Saturday, June 7, 2008

Burma: Than Shwe 'ordered troops to execute villagers'

June 7, 2008
Richard Lloyd Parry, Asia Editor
Times Online

The leader of the Burmese junta, Than Shwe, personally ordered the murder of scores of unarmed villagers and Thai fishermen, according to a senior diplomat and military intelligence officer who defected to America.

Aung Lin Htut, formerly the deputy chief of mission at the Burmese Embassy in Washington, described to a radio station how 81 people, including women and children, were shot and buried on an isolated island after straying into a remote military zone in the southeast of the country in 1998.

After one general hesitated to kill the civilians, fearing that the commander who had given the order was drunk, he was informed that it came from “Aba Gyi” or “Great Father” – the term used to refer to Senior General Than Shwe, the head of the junta.

A few days later troops from the same military base captured a Thai fishing boat that had strayed close to Christie Island in the Mergui Archipelago. The 22 fishermen on board were also shot and buried on the island. “I was a witness to the two incidents in which a total of about 81 people were killed,” Mr Aung Lin Htut, formerly a major in military intelligence, told the Burmese language service of Voice of America. “All of them were unarmed civilians.” In 46 years of military rule in Burma, there have been numerous reports of grave human rights violations but few have been attested by so well placed a source as Mr Aung Lin Htut. They come at a time when General Than Shwe and his regime are coming under scrutiny, after their refusal to allow a full scale relief operation for the victims of Cyclone Nargis.

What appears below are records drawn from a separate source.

(* Let $\Omega\subset\{1,\dots,N\}$ have cardinality $n$, let $0<\epsilon<1$, $\delta>0$, $s\in\mathbb{N}$, and let $b\in\mathbb{R}^N$, $c\in\mathbb{R}^{2N-1}$ be random vectors with independent Bernoulli $\pm1$ entries. Let $\delta_s$ denote the restricted isometry constant of order $s$ of either $\frac1{\sqrt n}S^b_\Omega$ or $\frac1{\sqrt n}T^c_\Omega$. Assume $$ n\ge 16\,\delta^{-2}s^2\log^2(2N^2/\epsilon).$$ Then with probability at least $1-\epsilon$ it holds $\delta_s\le\delta$.
   Context: For $b=(b_0,\dots,b_{N-1})\in\mathbb{R}^N$ the circulant matrix $S^b\in\mathbb{R}^{N\times N}$ has entries $S^b_{i,j}=b_{(j-i)\bmod N}$, $i,j=1,\dots,N$. For $c=(c_{-N+1},\dots,c_{N-1})\in\mathbb{R}^{2N-1}$ the Toeplitz matrix $T^c\in\mathbb{R}^{N\times N}$ has entries $T^c_{i,j}=c_{j-i}$. $S^b_\Omega$ (resp. $T^c_\Omega$) is the submatrix consisting of the rows indexed by $\Omega$. A Bernoulli $\pm1$ variable takes values $\pm1$ with probability $1/2$ each. The restricted isometry constant $\delta_s$ of a matrix $A$ is the smallest $\delta\ge0$ such that $(1-\delta)\|x\|_2^2\le\|Ax\|_2^2\le(1+\delta)\|x\|_2^2$ for all $x$ with at most $s$ non-zero entries. *)

theory Defs
  imports "HOL-Probability.Probability"
begin

text \<open>Matrices are functions on row/column indices; rows and columns use the
paper's indices 1..N.\<close>

definition circulant :: "nat \<Rightarrow> (nat \<Rightarrow> real) \<Rightarrow> nat \<Rightarrow> nat \<Rightarrow> real" where
  "circulant N b i j = b (nat ((int j - int i) mod int N))"

text \<open>Toeplitz matrix: T^c(i,j) = c(j - i), with c indexed by -N+1..N-1.\<close>
definition toeplitz :: "(int \<Rightarrow> real) \<Rightarrow> nat \<Rightarrow> nat \<Rightarrow> real" where
  "toeplitz c i j = c (int j - int i)"

text \<open>Restricted isometry constant of order s of the row-submatrix A_Omega
(rows in Omega, columns 1..N).\<close>
definition RIC :: "nat \<Rightarrow> nat set \<Rightarrow> (nat \<Rightarrow> nat \<Rightarrow> real) \<Rightarrow> nat \<Rightarrow> real" where
  "RIC N \<Omega> A s = Inf {d. d \<ge> 0 \<and>
     (\<forall>x :: nat \<Rightarrow> real. card {j\<in>{1..N}. x j \<noteq> 0} \<le> s \<longrightarrow>
        (1 - d) * (\<Sum>j=1..N. (x j)\<^sup>2) \<le> (\<Sum>i\<in>\<Omega>. (\<Sum>j=1..N. A i j * x j)\<^sup>2) \<and>
        (\<Sum>i\<in>\<Omega>. (\<Sum>j=1..N. A i j * x j)\<^sup>2) \<le> (1 + d) * (\<Sum>j=1..N. (x j)\<^sup>2))}"

text \<open>Independent Bernoulli +-1 entries on an index set (default value 0 outside).\<close>
definition bernoulli_vec :: "'a set \<Rightarrow> ('a \<Rightarrow> real) pmf" where
  "bernoulli_vec I = Pi_pmf I 0 (\<lambda>_. pmf_of_set {-1, 1})"

end

theory Submission
  imports Defs
begin

text \<open>With unit-norm columns, the restricted isometry constant of order \<open>s\<close> is at most
  \<open>s\<close> times the largest inner product of two distinct columns (a Gershgorin bound on the
  Gram matrix). After reindexing, the inner product of two columns of \<open>S\<^sup>b\<^sub>\<Omega>\<close>
  or \<open>T\<^sup>c\<^sub>\<Omega>\<close> is a sum (two sums for the circulant, split at the wrap-around)
  of at most \<open>n\<close> products of Bernoulli variables, ordered so that each product contains a
  variable not seen before. Integrating these variables out one at a time bounds the moment
  generating function by \<open>cosh \<lambda> ^ n \<le> exp (n \<lambda>\<^sup>2 / 2)\<close>, and the Chernoff bound gives
  the tail \<open>2 exp (- t\<^sup>2 / (2 n))\<close>. A union bound over the pairs of columns and the
  sample-size hypothesis complete the proof.\<close>

lemma nn_integral_rademacher_exp:
  "(\<integral>\<^sup>+y. ennreal (exp (a * y)) * C \<partial>measure_pmf (pmf_of_set {-1, 1::real}))
     = ennreal (cosh a) * C"
proof -
  have "(\<integral>\<^sup>+y. ennreal (exp (a * y)) * C \<partial>measure_pmf (pmf_of_set {-1, 1::real}))
      = (ennreal (exp (-a)) * C + ennreal (exp a) * C) / 2"
    by (subst nn_integral_pmf_of_set) auto
  also have "\<dots> = (ennreal (exp (-a)) + ennreal (exp a)) * C / 2"
    by (simp only: distrib_right)
  also have "\<dots> = (ennreal (exp (-a)) + ennreal (exp a)) / 2 * C"
    by (simp only: ennreal_divide_times ennreal_times_divide)
  also have "(ennreal (exp (-a)) + ennreal (exp a)) / 2 = ennreal (cosh a)"
    by (simp add: cosh_def ennreal_plus[symmetric] ennreal_divide_numeral add.commute del: ennreal_plus)
  finally show ?thesis .
qed

lemma cosh_le_exp_half_square: "cosh (a::real) \<le> exp (a\<^sup>2 / 2)"
proof -
  have pos: "cosh a \<le> exp (a\<^sup>2 / 2)" if "a > 0" for a :: real
  proof -
    interpret interval_bounded_random_variable
      "measure_pmf (pmf_of_set {-1, 1::real})" "\<lambda>x. x" "-1" "1"
      by unfold_locales (auto simp: AE_measure_pmf_iff)
    have "measure_pmf.expectation (pmf_of_set {-1, 1::real}) (\<lambda>x. x) = 0"
      by (subst integral_pmf_of_set) auto
    then have "(\<integral>\<^sup>+x. ennreal (exp (a * x)) \<partial>measure_pmf (pmf_of_set {-1, 1::real}))
               \<le> ennreal (exp (a\<^sup>2 * (1 - -1)\<^sup>2 / 8))"
      by (rule Hoeffdings_lemma_nn_integral_0[OF that])
    then show ?thesis
      using nn_integral_rademacher_exp[of a 1] by (simp add: power2_eq_square)
  qed
  show ?thesis
  proof (cases a "0::real" rule: linorder_cases)
    case less
    then show ?thesis using pos[of "-a"] by simp
  qed (use pos in auto)
qed

lemma bernoulli_vec_sign:
  assumes "finite I" "b \<in> set_pmf (bernoulli_vec I)" "x \<in> I"
  shows "b x \<in> {-1, 1}"
  using set_Pi_pmf_subset'[of I 0 "\<lambda>_. pmf_of_set {-1, 1::real}"] assms
  unfolding bernoulli_vec_def by (auto simp: PiE_dflt_def)

lemma bernoulli_vec_abs_le_1:
  assumes "finite I" "b \<in> set_pmf (bernoulli_vec I)"
  shows "\<bar>b x\<bar> \<le> 1"
proof (cases "x \<in> I")
  case False
  then show ?thesis
    using set_Pi_pmf_subset'[of I 0 "\<lambda>_. pmf_of_set {-1, 1::real}"] assms
    unfolding bernoulli_vec_def by (auto simp: PiE_dflt_def)
qed (use bernoulli_vec_sign[OF assms] in fastforce)

lemma bernoulli_vec_remove:
  assumes "finite I" "x \<in> I"
  shows "bernoulli_vec I = map_pmf (\<lambda>(f, y). f(x := y))
           (pair_pmf (bernoulli_vec (I - {x})) (pmf_of_set {-1, 1}))"
proof -
  have "bernoulli_vec I = map_pmf (\<lambda>(y, f). f(x := y))
          (pair_pmf (pmf_of_set {-1, 1}) (bernoulli_vec (I - {x})))"
    unfolding bernoulli_vec_def
    using Pi_pmf_insert[of "I - {x}" x 0 "\<lambda>_. pmf_of_set {-1, 1::real}"] assms
    by (simp add: insert_absorb)
  also have "\<dots> = map_pmf (\<lambda>(f, y). f(x := y))
                    (pair_pmf (bernoulli_vec (I - {x})) (pmf_of_set {-1, 1}))"
    by (subst pair_commute_pmf) (simp add: map_pmf_comp case_prod_beta')
  finally show ?thesis .
qed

The French Government has said that it comes close to being a “crime against humanity”, and last week Robert Gates, the US Defence Secretary, called it “criminal neglect”. If a tribunal like the ones established for Rwanda and the former Yugoslavia is ever created for Burma, then Mr Aung Lin Htut will doubtless be called to give evidence.

He sought asylum in the US in 2005, along with six members of his family, after a purge against the country’s prime minister and intelligence chief of the time by General Than Shwe destroyed the careers of a generation of intelligence officers. Given the control of information in Burma, his account is impossible to verify. But it has credibility because it is the first time since his defection that Mr Aung Lin Htut has made any public comment on his former masters.

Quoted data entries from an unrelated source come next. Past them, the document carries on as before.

lemma indefinite_poset_if_reach_form_neg:
  assumes po: "partial_order_on {1..n} r" and iso: "digraph_iso (V, E) (hasse n r)"
    and E: "E \<subseteq> V \<times> V" and y: "reach_form V E y < 0"
  shows "indefinite_poset n r"
proof -
  obtain f where bij: "bij_betw f V {1..n}"
    and rel: "\<And>a b. a \<in> V \<Longrightarrow> b \<in> V \<Longrightarrow> (f a, f b) \<in> r \<longleftrightarrow> (a, b) \<in> E\<^sup>*"
    using digraph_iso_hasse_rtrancl[OF po iso E] by blast
  have "V \<noteq> {}"
    using y by (auto simp: reach_form_def)
  then have "0 < n"
    using bij by (auto simp: bij_betw_def)
  have "quad_form n (sym_gram r) (y \<circ> inv_into V f) < 0"
    using y by (simp add: quad_form_sym_gram_reindex[OF bij rel])
  then have "\<not> pos_semidef n (sym_gram r)"
    unfolding pos_semidef_def by (meson not_le)
  with not_neg_semidef_sym_gram[OF po \<open>0 < n\<close>] show ?thesis
    unfolding indefinite_poset_def by simp
qed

In May 1998 he was stationed on Zadetkyi island, a frontline base close to Burma’s maritime border with Thailand. The commander of the base was Colonel Zaw Min, who is now Minister for Electric Power and general secretary of the Union Solidarity and Development Association, the junta’s grassroots organisation.

A unit led by the colonel landed on Christie Island and found 59 people living there to gather wood and bamboo, in violation of Burmese law. The order came back from headquarters that they were to be “eliminated”.

Myint Swe, an air force general, said that he was a religious person, and that the matter should be handled delicately. He said that he was very concerned by the timing of the elimination order – just after lunch, a time when General Maung Aye, now the number two in the junta, was usually drunk.